Artigo 1º – Denominação e natureza jurídica

1. A denominação da associação é AGE – Associação Médica de Gaia e Espinho.
2. É uma associação sem fins lucrativos constituída em harmonia e conformidade com o estabelecido pelo regime jurídico das associações.

Artigo 2º – Sede e duração

1. A AGE tem a sua sede na Rua Álvaro Castelões nº 811, freguesia de Paranhos, concelho do Porto e constitui-se por tempo indeterminado, que se conta a partir da data da sua constituição.

Artigo 3º – Fins e atribuições

Associação de médicos de medicina geral e familiar para complementar a formação médica durante o internato de medicina geral e familiar que permita a melhoria dos cuidados de saúde humana na comunidade onde se insere.

Realização de iniciativas de estudo e investigação para a promoção da saúde. Realização de cursos de formação, jornadas e congressos relacionados com o internato de medicina geral e familiar. Promover a edição e publicação de informação médica.

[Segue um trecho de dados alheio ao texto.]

definition adj_mat :: "nat \<Rightarrow> (nat \<Rightarrow> nat \<Rightarrow> bool) \<Rightarrow> real mat" where
  "adj_mat n E = mat n n (\<lambda>(i, j). if E i j then 1 else 0)"

definition deg_mat :: "nat \<Rightarrow> (nat \<Rightarrow> nat \<Rightarrow> bool) \<Rightarrow> real mat" where
  "deg_mat n E = mat n n (\<lambda>(i, j). if i = j then real (degree n E i) else 0)"

definition A_alpha :: "real \<Rightarrow> nat \<Rightarrow> (nat \<Rightarrow> nat \<Rightarrow> bool) \<Rightarrow> real mat" where
  "A_alpha \<alpha> n E = \<alpha> \<cdot>\<^sub>m deg_mat n E + (1 - \<alpha>) \<cdot>\<^sub>m adj_mat n E"

end

theory Submission
  imports Defs "Jordan_Normal_Form.Schur_Decomposition" "HOL-Analysis.Convex"
begin

text \<open>The eigenvalues \<open>\<lambda>\<^sub>i\<close> of the real symmetric matrix \<open>A\<^sub>\<alpha>(G)\<close> satisfy
\<open>\<Sum>\<lambda>\<^sub>i = tr A\<^sub>\<alpha> = 2\<alpha>m\<close> and \<open>\<Sum>\<lambda>\<^sub>i\<^sup>2 = tr A\<^sub>\<alpha>\<^sup>2 = \<alpha>\<^sup>2\<Sum>d\<^sub>i\<^sup>2 + 2(1-\<alpha>)\<^sup>2m\<close>.
Applying Cauchy-Schwarz separately to \<open>k\<close> of the eigenvalues and to the remaining \<open>n - k\<close>
bounds the deviation of their sum from its share \<open>k/n \<Sum>\<lambda>\<^sub>i\<close> of the trace by
\<open>sqrt (k(n-k)/n (\<Sum>\<lambda>\<^sub>i\<^sup>2 - (\<Sum>\<lambda>\<^sub>i)\<^sup>2/n))\<close>.
Popoviciu's inequality \<open>\<Sum>d\<^sub>i\<^sup>2 - (\<Sum>d\<^sub>i)\<^sup>2/n \<le> n(\<Delta>-\<delta>)\<^sup>2/4\<close> then bounds the degree part of this
variance.\<close>

unbundle no inner_syntax

lemma real_symmetric_eigenvalue_real:
  fixes M :: "real mat"
  assumes M: "M \<in> carrier_mat n n" and sym: "transpose_mat M = M"
    and ev: "eigenvalue (map_mat complex_of_real M) a"
  shows "a \<in> \<real>"
proof -
  let ?C = "map_mat complex_of_real M"
  have C: "?C \<in> carrier_mat n n" using M by simp
  obtain v where v: "v \<in> carrier_vec n" and v0: "v \<noteq> 0\<^sub>v n" and Cv: "?C *\<^sub>v v = a \<cdot>\<^sub>v v"
    using ev M unfolding eigenvalue_def eigenvector_def by auto
  have conj_Cv: "conjugate (?C *\<^sub>v v) = ?C *\<^sub>v conjugate v"
    using M v by (intro eq_vecI) (auto simp: scalar_prod_def sum_conjugate conjugate_dist_mul)
  have "(?C *\<^sub>v v) \<bullet>c v = (transpose_mat ?C *\<^sub>v v) \<bullet> conjugate v"
    by (simp add: map_mat_transpose sym)
  also have "\<dots> = v \<bullet>c (?C *\<^sub>v v)"
    using M v by (simp add: transpose_vec_mult_scalar[OF C] conj_Cv)
  finally have "a * (v \<bullet>c v) = conjugate a * (v \<bullet>c v)"
    using v by (simp add: Cv conjugate_smult_vec)
  moreover have "v \<bullet>c v \<noteq> 0" using v v0 by simp
  ultimately have "cnj a = a" by simp
  then show ?thesis by (simp add: Reals_cnj_iff)
qed

interpretation of_real_poly_hom: map_poly_inj_idom_hom "of_real :: real \<Rightarrow> complex" ..

lemma real_symmetric_char_poly_splits:
  fixes M :: "real mat"
  assumes M: "M \<in> carrier_mat n n" and sym: "transpose_mat M = M"
  shows "\<exists>es. length es = n \<and> char_poly M = (\<Prod>e\<leftarrow>es. [:-e, 1:])"
proof -
  let ?C = "map_mat complex_of_real M"
  have C: "?C \<in> carrier_mat n n" using M by simp
  obtain es where cp: "char_poly ?C = (\<Prod>e\<leftarrow>es. [:-e, 1:])" and len: "length es = n"
    using char_poly_factorized[OF C] by blast
  have real: "e \<in> \<real>" if "e \<in> set es" for e
    using real_symmetric_eigenvalue_real[OF M sym] linear_poly_root[OF that]
    unfolding eigenvalue_root_char_poly[OF C] cp by blast
  have "map_poly of_real (\<Prod>e\<leftarrow>map Re es. [:-e, 1:]) = (\<Prod>e\<leftarrow>es. [:-e, 1:])"
    using real by (auto simp: of_real_poly_hom.hom_prod_list o_def intro!: arg_cong[of _ _ prod_list])
  also have "\<dots> = map_poly of_real (char_poly M)"
    unfolding cp[symmetric] by (rule of_real_hom.char_poly_hom[OF M])
  finally have "char_poly M = (\<Prod>e\<leftarrow>map Re es. [:-e, 1:])" by simp
  then show ?thesis using len by (intro exI[of _ "map Re es"]) simp
qed

lemma eigvals_desc_real_symmetric:
  fixes M :: "real mat"
  assumes M: "M \<in> carrier_mat n n" and sym: "transpose_mat M = M"
  shows "length (eigvals_desc M) = n" and "char_poly M = (\<Prod>e\<leftarrow>eigvals_desc M. [:-e, 1:])"
proof -
  obtain es where len: "length es = n" and cp: "char_poly M = (\<Prod>e\<leftarrow>es. [:-e, 1:])"
    using real_symmetric_char_poly_splits[OF M sym] by blast
  define es' where "es' = rev (sort es)"
  have "mset (map (\<lambda>e. [:-e, 1:]) es') = mset (map (\<lambda>e. [:-e, 1:]) es)"
    unfolding es'_def by simp
  then have "char_poly M = (\<Prod>e\<leftarrow>es'. [:-e, 1:])"
    unfolding cp by (metis prod_mset_prod_list)
  moreover have "length es' = dim_row M" and "sorted_wrt (\<ge>) es'"
    using len M unfolding es'_def by (simp_all add: sorted_wrt_rev)
  ultimately have "\<exists>es. length es = dim_row M \<and> sorted_wrt (\<ge>) es
      \<and> char_poly M = (\<Prod>e\<leftarrow>es. [:-e, 1:])"
    by blast
  from someI_ex[OF this] show "length (eigvals_desc M) = n"
    and "char_poly M = (\<Prod>e\<leftarrow>eigvals_desc M. [:-e, 1:])"
    using M unfolding eigvals_desc_def by auto
qed

definition trace :: "'a::comm_ring_1 mat \<Rightarrow> 'a" where
  "trace A = (\<Sum>i<dim_row A. A $$ (i, i))"

lemma trace_mult:
  assumes "A \<in> carrier_mat n m" and "B \<in> carrier_mat m n"
  shows "trace (A * B) = (\<Sum>i<n. \<Sum>j<m. A $$ (i, j) * B $$ (j, i))"
  using assms by (auto simp: trace_def scalar_prod_def atLeast0LessThan intro!: sum.cong)

lemma trace_mult_comm:
  assumes "A \<in> carrier_mat n m" and "B \<in> carrier_mat m n"
  shows "trace (A * B) = trace (B * A)"
  unfolding trace_mult[OF assms] trace_mult[OF assms(2,1)]
  by (subst sum.swap) (simp add: mult.commute)

lemma trace_similar_mat_wit:
  assumes "similar_mat_wit A B P Q"
  shows "trace A = trace B"
proof -
  obtain n where A: "A \<in> carrier_mat n n" using assms unfolding similar_mat_wit_def Let_def by auto
  note wit = similar_mat_witD2[OF A assms]
  have "A = P * (B * Q)" using wit by simp
  then have "trace A = trace (B * Q * P)"
    using wit by (simp add: trace_mult_comm[of P n n "B * Q"])
  also have "B * Q * P = B"
    using wit by simp
  finally show ?thesis .
qed
lemma polygonal_theta_nth:
  assumes "3 \<le> m"
  shows "(polygonal_theta m n :: 'a::comm_ring_1 fps) $ i = (if i = 0 then 1 else 0)
    + (\<Sum>k = 1..n. if int i = gen_polygonal m (int k) \<or> int i = gen_polygonal m (- int k)
        then (-1) ^ k else 0)"
proof -
  have X_nth: "(fps_X ^ nat (gen_polygonal m s) :: 'a fps) $ i = of_bool (int i = gen_polygonal m s)"
    for s using gen_polygonal_nonneg[of m s] assms by auto
  have summand: "((-1) ^ k * (fps_X ^ nat (gen_polygonal m (int k))
      + fps_X ^ nat (gen_polygonal m (- int k)) :: 'a fps)) $ i
      = (if int i = gen_polygonal m (int k) \<or> int i = gen_polygonal m (- int k) then (-1) ^ k else 0)"
    if "k \<in> {1..n}" for k
  proof -
    have "gen_polygonal m (int k) \<noteq> gen_polygonal m (- int k)"
      using that gen_polygonal_inject[OF assms, of "int k" "- int k"] by auto
    then show ?thesis unfolding fps_neg_one_power_mult_nth fps_add_nth X_nth by auto
  qed
  have "(\<Sum>k = 1..n. ((-1) ^ k * (fps_X ^ nat (gen_polygonal m (int k))
      + fps_X ^ nat (gen_polygonal m (- int k)) :: 'a fps)) $ i)
      = (\<Sum>k = 1..n. if int i = gen_polygonal m (int k) \<or> int i = gen_polygonal m (- int k)
          then (-1) ^ k else 0)"
    by (rule sum.cong[OF refl]) (rule summand)
  then show ?thesis unfolding polygonal_theta_def fps_add_nth fps_sum_nth by simp
qed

Artigo 4º – Categorias de Associados

1. A Associação tem as seguintes categorias de Associados e Colaboradores:

a) Associados eleitores
b) Associados não eleitores

· Associados jubilados
· Associados honorários
· Associados colaboradores

Artigo 5º – Qualidade de Associados

1. Podem adquirir a qualidade de Associados:

a) Associados eleitores: internos da Formação Específica em MGF pertencentes à Direção de Internato Santos Silva.
b) Associados não eleitores: os médicos especialistas em MGF com a categoria de Associados Jubilados e Associados Honorários.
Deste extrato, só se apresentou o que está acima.